Left India even before case was filed against me: Mehul Choksi tells HC
Mehul Choksi left India prior to the registration of the FIR by the CBI, and hence his not being in India cannot be read against him
The Delhi High Court was on Wednesday informed that PNB loan scam case accused diamentarian Mehul Choksi left India prior to the registration of a case against him and hence his not being in India should not be read against him.
"Mehul Choksi left India prior to the registration of the FIR by the CBI, and hence his not being in India cannot be read against him," advocate Vijay Aggarwal told a division bench of the high court presided over by Chief Justice D.N. Patel and Justice Prateek Jalan.
The arguments were made while the court was hearing an appeal filed by Choksi challenging a single bench order dismissing his plea seeking the postponement of the release of Netflix original webseries "Bad Boy Billionaires: India".

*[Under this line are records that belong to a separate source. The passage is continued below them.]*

(* Let $A$ be an integral quantum B-algebra, let $X,F\in U(A)$, let $F$ be a filter of $A$, and assume $1\in X\cap F$. Write $W=\mu_F(X)$. Then: (1) $W\cdot\mu_F(W\leadsto X)=W=\mu_F(W\to X)\cdot W$; (2) $\mu_F(W\to X)\to(W\to X)=W\to X$; (3) $\mu_F(W\leadsto X)\leadsto(W\leadsto X)=W\leadsto X$; (4) $(W\to X)\cdot\mu_F(W\to X)=W\to X$; (5) $\mu_F(W\leadsto X)\cdot(W\leadsto X)=W\leadsto X$; (6) $\mu_F(W\to X)=\mu_F(W\to X)\cdot\mu_F(W\to X)$, and $\mu_F(W\to X)$ is a filter of $A$ whenever $1\in\mu_F(W\to X)$; (7) $\mu_F(W\leadsto X)=\mu_F(W\leadsto X)\cdot\mu_F(W\leadsto X)$, and $\mu_F(W\leadsto X)$ is a filter of $A$ whenever $1\in\mu_F(W\leadsto X)$.
   Context: A quantum B-algebra is a poset $(A,\le)$ with binary operations $\to,\leadsto$ such that for all $x,y,z\in A$: $y\to z\le(x\to y)\to(x\to z)$; $y\leadsto z\le(x\leadsto y)\leadsto(x\leadsto z)$; $y\le z$ implies $x\to y\le x\to z$; and $x\le y\to z$ iff $y\le x\leadsto z$. It is integral if it has a greatest element $1$ with $1\to x=1\leadsto x=x$ for all $x$. $U(A)$ denotes the set of all upper subsets of $A$ (including $\emptyset$), a quantale under inclusion with multiplication $X\cdot Y=\{a\in A\mid\exists y\in Y:\ y\to a\in X\}$. Its residuals are: for $Y,Z\in U(A)$, $Y\to Z$ is the largest $V\in U(A)$ with $V\cdot Y\subseteq Z$, and for $X,Z\in U(A)$, $X\leadsto Z$ is the largest $V\in U(A)$ with $X\cdot V\subseteq Z$. A filter of $A$ is a nonempty $F\in U(A)$ with $F\cdot F\subseteq F$. For $F,X\in U(A)$, $\mu_F(X)=F\cap X$. *)

theory Defs
  imports Main
begin

text \<open>A quantum B-algebra on the carrier type 'a, with partial order le and
  residual operations imp (written \<rightarrow>) and limp (written \<leadsto>).\<close>
definition quantum_B_algebra ::
  "('a \<Rightarrow> 'a \<Rightarrow> bool) \<Rightarrow> ('a \<Rightarrow> 'a \<Rightarrow> 'a) \<Rightarrow> ('a \<Rightarrow> 'a \<Rightarrow> 'a) \<Rightarrow> bool" where
  "quantum_B_algebra le imp limp \<longleftrightarrow>
     (\<forall>x. le x x) \<and>
     (\<forall>x y. le x y \<and> le y x \<longrightarrow> x = y) \<and>
     (\<forall>x y z. le x y \<and> le y z \<longrightarrow> le x z) \<and>
     (\<forall>x y z. le (imp y z) (imp (imp x y) (imp x z))) \<and>
     (\<forall>x y z. le (limp y z) (limp (limp x y) (limp x z))) \<and>
     (\<forall>x y z. le y z \<longrightarrow> le (imp x y) (imp x z)) \<and>
     (\<forall>x y z. le x (imp y z) \<longleftrightarrow> le y (limp x z))"

definition integral_qBa ::
  "('a \<Rightarrow> 'a \<Rightarrow> bool) \<Rightarrow> ('a \<Rightarrow> 'a \<Rightarrow> 'a) \<Rightarrow> ('a \<Rightarrow> 'a \<Rightarrow> 'a) \<Rightarrow> 'a \<Rightarrow> bool" where
  "integral_qBa le imp limp one \<longleftrightarrow>
     quantum_B_algebra le imp limp \<and>
     (\<forall>x. le x one) \<and> (\<forall>x. imp one x = x \<and> limp one x = x)"

definition upset :: "('a \<Rightarrow> 'a \<Rightarrow> bool) \<Rightarrow> 'a set \<Rightarrow> bool" where
  "upset le X \<longleftrightarrow> (\<forall>x y. x \<in> X \<longrightarrow> le x y \<longrightarrow> y \<in> X)"

definition umult :: "('a \<Rightarrow> 'a \<Rightarrow> 'a) \<Rightarrow> 'a set \<Rightarrow> 'a set \<Rightarrow> 'a set" where
  "umult imp X Y = {a. \<exists>y\<in>Y. imp y a \<in> X}"

definition uimp :: "('a \<Rightarrow> 'a \<Rightarrow> bool) \<Rightarrow> ('a \<Rightarrow> 'a \<Rightarrow> 'a) \<Rightarrow> 'a set \<Rightarrow> 'a set \<Rightarrow> 'a set" where
  "uimp le imp Y Z = (GREATEST V. upset le V \<and> umult imp V Y \<subseteq> Z)"

definition ulimp :: "('a \<Rightarrow> 'a \<Rightarrow> bool) \<Rightarrow> ('a \<Rightarrow> 'a \<Rightarrow> 'a) \<Rightarrow> 'a set \<Rightarrow> 'a set \<Rightarrow> 'a set" where
  "ulimp le imp X Z = (GREATEST V. upset le V \<and> umult imp X V \<subseteq> Z)"

definition qfilter :: "('a \<Rightarrow> 'a \<Rightarrow> bool) \<Rightarrow> ('a \<Rightarrow> 'a \<Rightarrow> 'a) \<Rightarrow> 'a set \<Rightarrow> bool" where
  "qfilter le imp F \<longleftrightarrow> F \<noteq> {} \<and> upset le F \<and> umult imp F F \<subseteq> F"

definition mu :: "'a set \<Rightarrow> 'a set \<Rightarrow> 'a set" where
  "mu F X = F \<inter> X"

end

theory Submission
  imports Defs
begin

text \<open>Since 1 is the top element, the filter F contains 1, and so do \<open>W \<rightarrow> X\<close> and
  \<open>W \<leadsto> X\<close> because \<open>W \<subseteq> X\<close>; hence multiplying by their \<open>\<mu>\<^sub>F\<close>-parts can only
  enlarge a set. Conversely, \<open>\<mu>\<^sub>F(W \<rightarrow> X) \<cdot> W\<close> lies in \<open>F \<cdot> F \<subseteq> F\<close> and in
  \<open>(W \<rightarrow> X) \<cdot> W \<subseteq> X\<close>, hence in W. Associativity of the multiplication of U(A)
  and residuation transport this absorption from W to \<open>W \<rightarrow> X\<close>, and intersecting
  with F once more gives idempotence; the case of \<open>\<leadsto>\<close> is the mirror image.\<close>

locale integral_quantum_B_algebra =
  fixes le :: "'a \<Rightarrow> 'a \<Rightarrow> bool" and imp limp :: "'a \<Rightarrow> 'a \<Rightarrow> 'a" and one :: 'a
  assumes integral: "integral_qBa le imp limp one"
begin

lemma le_refl: "le x x"
  and le_antisym: "le x y \<Longrightarrow> le y x \<Longrightarrow> x = y"
  and le_trans: "le x y \<Longrightarrow> le y z \<Longrightarrow> le x z"
  and limp_prefix: "le (limp y z) (limp (limp x y) (limp x z))"
  and imp_prefix: "le (imp y z) (imp (imp x y) (imp x z))"
  and imp_mono: "le y z \<Longrightarrow> le (imp x y) (imp x z)"
  and residuation: "le x (imp y z) \<longleftrightarrow> le y (limp x z)"
  and le_one: "le x one"
  and one_imp: "imp one x = x"
  and one_limp: "limp one x = x"
  using integral unfolding integral_qBa_def quantum_B_algebra_def by blast+

lemma le_limp_imp: "le z (limp (imp z a) a)"
  using residuation le_refl by blast

lemma le_imp_limp: "le x (imp (limp x a) a)"
  using residuation le_refl by blast

lemma limp_imp_swap: "le (limp x (imp z a)) (imp z (limp x a))"
proof -
  have "le z (limp (limp x (imp z a)) (limp x a))"
    using le_trans[OF le_limp_imp limp_prefix] .
  then show ?thesis
    using residuation by blast
qed

lemma imp_eq_one_iff: "imp y a = one \<longleftrightarrow> le y a"
  by (metis residuation one_limp le_refl le_one le_antisym)

lemma upset_singleton_one: "upset le {one}"
  unfolding upset_def using le_one le_antisym by blast

lemma upset_inter: "upset le A \<Longrightarrow> upset le B \<Longrightarrow> upset le (A \<inter> B)"
  unfolding upset_def by blast

lemma upset_umult: "upset le X \<Longrightarrow> upset le (umult imp X Y)"
  unfolding upset_def umult_def using imp_mono by blast

lemma umult_mono: "X \<subseteq> X' \<Longrightarrow> Y \<subseteq> Y' \<Longrightarrow> umult imp X Y \<subseteq> umult imp X' Y'"
  unfolding umult_def by blast

lemma umult_one_right: "umult imp X {one} = X"
  unfolding umult_def using one_imp by auto

lemma umult_one_left: "upset le Y \<Longrightarrow> umult imp {one} Y = Y"
  unfolding umult_def upset_def using imp_eq_one_iff le_refl by blast

lemma subset_umult_right: "one \<in> M \<Longrightarrow> X \<subseteq> umult imp X M"
  using umult_mono[of X X "{one}" M] umult_one_right by auto

lemma subset_umult_left: "one \<in> M \<Longrightarrow> upset le X \<Longrightarrow> X \<subseteq> umult imp M X"
  using umult_mono[of "{one}" M X X] umult_one_left by auto

lemma umult_assoc_subset:
  assumes "upset le X"
  shows "umult imp X (umult imp Y Z) \<subseteq> umult imp (umult imp X Y) Z"
proof
  fix a
  assume "a \<in> umult imp X (umult imp Y Z)"
  then obtain v z where "z \<in> Z" "imp z v \<in> Y" "imp v a \<in> X"
    unfolding umult_def by blast
  moreover from \<open>imp v a \<in> X\<close> have "imp (imp z v) (imp z a) \<in> X"
    using assms imp_prefix unfolding upset_def by blast
  ultimately show "a \<in> umult imp (umult imp X Y) Z"
    unfolding umult_def by blast
qed

lemma umult_assoc_supset:
  assumes X: "upset le X" and Y: "upset le Y"
  shows "umult imp (umult imp X Y) Z \<subseteq> umult imp X (umult imp Y Z)"
proof
  fix a
  assume "a \<in> umult imp (umult imp X Y) Z"
  then obtain y z where "z \<in> Z" "y \<in> Y" and x: "imp y (imp z a) \<in> X"
    unfolding umult_def by blast
  define v where "v = limp (imp y (imp z a)) a"
  \<comment> \<open>the intermediate element is the greatest \<open>v\<close> with \<open>y \<rightarrow> (z \<rightarrow> a) \<le> v \<rightarrow> a\<close>\<close>
  have "imp v a \<in> X"
    using X x le_imp_limp unfolding v_def upset_def by blast
  moreover have "le y (imp z v)"
    using residuation le_refl limp_imp_swap le_trans unfolding v_def by blast
  then have "imp z v \<in> Y"
    using Y \<open>y \<in> Y\<close> unfolding upset_def by blast
  ultimately show "a \<in> umult imp X (umult imp Y Z)"
    using \<open>z \<in> Z\<close> unfolding umult_def by blast
qed

lemma umult_assoc:
  "upset le X \<Longrightarrow> upset le Y \<Longrightarrow> umult imp (umult imp X Y) Z = umult imp X (umult imp Y Z)"
  using umult_assoc_subset umult_assoc_supset by blast

lemma uimp_eq_Union: "uimp le imp Y Z = \<Union>{V. upset le V \<and> umult imp V Y \<subseteq> Z}"
  unfolding uimp_def
  by (rule Greatest_equality) (auto simp: upset_def umult_def)

lemma ulimp_eq_Union: "ulimp le imp Y Z = \<Union>{V. upset le V \<and> umult imp Y V \<subseteq> Z}"
  unfolding ulimp_def
  by (rule Greatest_equality) (auto simp: upset_def umult_def)

lemma upset_uimp: "upset le (uimp le imp Y Z)"
  unfolding uimp_eq_Union upset_def by blast

lemma upset_ulimp: "upset le (ulimp le imp Y Z)"
  unfolding ulimp_eq_Union upset_def by blast

lemma subset_uimp_iff: "upset le V \<Longrightarrow> V \<subseteq> uimp le imp Y Z \<longleftrightarrow> umult imp V Y \<subseteq> Z"
  unfolding uimp_eq_Union umult_def by blast

lemma subset_ulimp_iff: "upset le V \<Longrightarrow> V \<subseteq> ulimp le imp Y Z \<longleftrightarrow> umult imp Y V \<subseteq> Z"
  unfolding ulimp_eq_Union umult_def by blast

lemma umult_uimp_subset: "umult imp (uimp le imp Y Z) Y \<subseteq> Z"
  using subset_uimp_iff[OF upset_uimp] by blast

lemma umult_ulimp_subset: "umult imp Y (ulimp le imp Y Z) \<subseteq> Z"
  using subset_ulimp_iff[OF upset_ulimp] by blast

lemma one_mem_uimp: "upset le Y \<Longrightarrow> Y \<subseteq> Z \<Longrightarrow> one \<in> uimp le imp Y Z"
  using subset_uimp_iff[OF upset_singleton_one] umult_one_left by auto

lemma one_mem_ulimp: "Y \<subseteq> Z \<Longrightarrow> one \<in> ulimp le imp Y Z"
  using subset_ulimp_iff[OF upset_singleton_one] umult_one_right by auto

lemma umult_uimp_absorb:
  assumes "upset le W" "upset le M" "one \<in> M" "umult imp M W \<subseteq> W"
  shows "umult imp (uimp le imp W X) M = uimp le imp W X"
proof
  let ?P = "uimp le imp W X"
  have "umult imp (umult imp ?P M) W \<subseteq> umult imp ?P W"
    using assms umult_assoc[OF upset_uimp] umult_mono by (metis order_refl)
  then show "umult imp ?P M \<subseteq> ?P"
    using subset_uimp_iff upset_umult[OF upset_uimp] umult_uimp_subset by blast
  show "?P \<subseteq> umult imp ?P M"
    using \<open>one \<in> M\<close> by (rule subset_umult_right)
qed

lemma umult_ulimp_absorb:
  assumes "upset le W" "upset le N" "one \<in> N" "umult imp W N \<subseteq> W"
  shows "umult imp N (ulimp le imp W X) = ulimp le imp W X"
proof
  let ?Q = "ulimp le imp W X"
  have "umult imp W (umult imp N ?Q) \<subseteq> umult imp W ?Q"
    using assms umult_assoc umult_mono by (metis order_refl)
  then show "umult imp N ?Q \<subseteq> ?Q"
    using subset_ulimp_iff upset_umult assms(2) umult_ulimp_subset by blast
  show "?Q \<subseteq> umult imp N ?Q"
    using \<open>one \<in> N\<close> upset_ulimp by (rule subset_umult_left)
qed

lemma uimp_eq_of_umult_eq:
  assumes "one \<in> M" "upset le P" "umult imp P M = P"
  shows "uimp le imp M P = P"
proof
  show "uimp le imp M P \<subseteq> P"
    using subset_umult_right[OF \<open>one \<in> M\<close>] umult_uimp_subset by blast
  show "P \<subseteq> uimp le imp M P"
    using assms subset_uimp_iff by blast
qed

lemma ulimp_eq_of_umult_eq:
  assumes "one \<in> N" "upset le Q" "umult imp N Q = Q"
  shows "ulimp le imp N Q = Q"
proof
  show "ulimp le imp N Q \<subseteq> Q"
    using subset_umult_left[OF \<open>one \<in> N\<close> upset_ulimp] umult_ulimp_subset by blast
  show "Q \<subseteq> ulimp le imp N Q"
    using assms subset_ulimp_iff by blast
qed

lemma one_mem_qfilter: "qfilter le imp F \<Longrightarrow> one \<in> F"
  unfolding qfilter_def upset_def using le_one by blast

lemma qfilter_mu:
  assumes "qfilter le imp F" "upset le P" "one \<in> P" "umult imp (mu F P) (mu F P) \<subseteq> P"
  shows "mu F P = umult imp (mu F P) (mu F P)" "qfilter le imp (mu F P)"
proof -
  have "one \<in> mu F P"
    using assms one_mem_qfilter unfolding mu_def by blast
  moreover have "umult imp (mu F P) (mu F P) \<subseteq> umult imp F F"
    unfolding mu_def by (rule umult_mono) auto
  ultimately show eq: "mu F P = umult imp (mu F P) (mu F P)"
    using assms subset_umult_right unfolding qfilter_def mu_def by blast
  show "qfilter le imp (mu F P)"
    using assms \<open>one \<in> mu F P\<close> eq upset_inter unfolding qfilter_def mu_def by auto
qed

Aggarwal's submissions came in response to the arguments made by advocates Sanjay K. Kaul and Dayan Krishnan, who are appearing for Netflix. They submitted that Choksi is not entitled to any relief, as he is not a citizen of India since he had forsaken his citizenship, and therefore, he is not entitled to protection of any fundamental right.
The bench said, "The single judge has not closed your (Mehul Choksi) relief. You have the relief of a civil suit but you want to invoke a jurisdiction and for that your conduct and issues are also important."
"You have changed citizenship... you are no more a citizen of India," Justice Jalan said.
Responding to the queries of the court, Aggarwal said that Article 21 of the Constitution did not require Choksi to be an Indian citizen.
Kaul argued that the entire writ petition filed by Choksi was based on a Netflix trailer which did not even mention or refer to him.
"He does not know what his grievance is because the trailer does not mention him at all," said Kaul.
"No writ can be issued in vacuum. There is a red corner notice issued against him... And here he makes an magnanimous offer to join investigation via video conferencing," said Kaul.
Kaul further said that he has watched the said series in question and can assure that it is nothing more than an amalgamation of various interviews of which most are already out in the public domain.
"I have had the privilege of watching the film and I can assure you as an officer of the court that this series is nothing but an amalgamation of interviews, snippets etc. and we have a source chart of the said interviews," Kaul told the division bench.
Meanwhile, Aggarwal argued that if today Netflix is permitted to violate an individual's fundamental rights, then tomorrow it can claim immunity from judicial scrutiny even if it violates the religion or telecasts shows propagating China's stand against India or show any documentary showing a wrong map of India.
"Such can never be the law," he argued.
Aggarwal asked whether even in such circumstance the courts will be without jurisdiction to pass any appropriate direction against unregulated OTT platforms such as Netflix.
The court will now hear the matter next on September 29.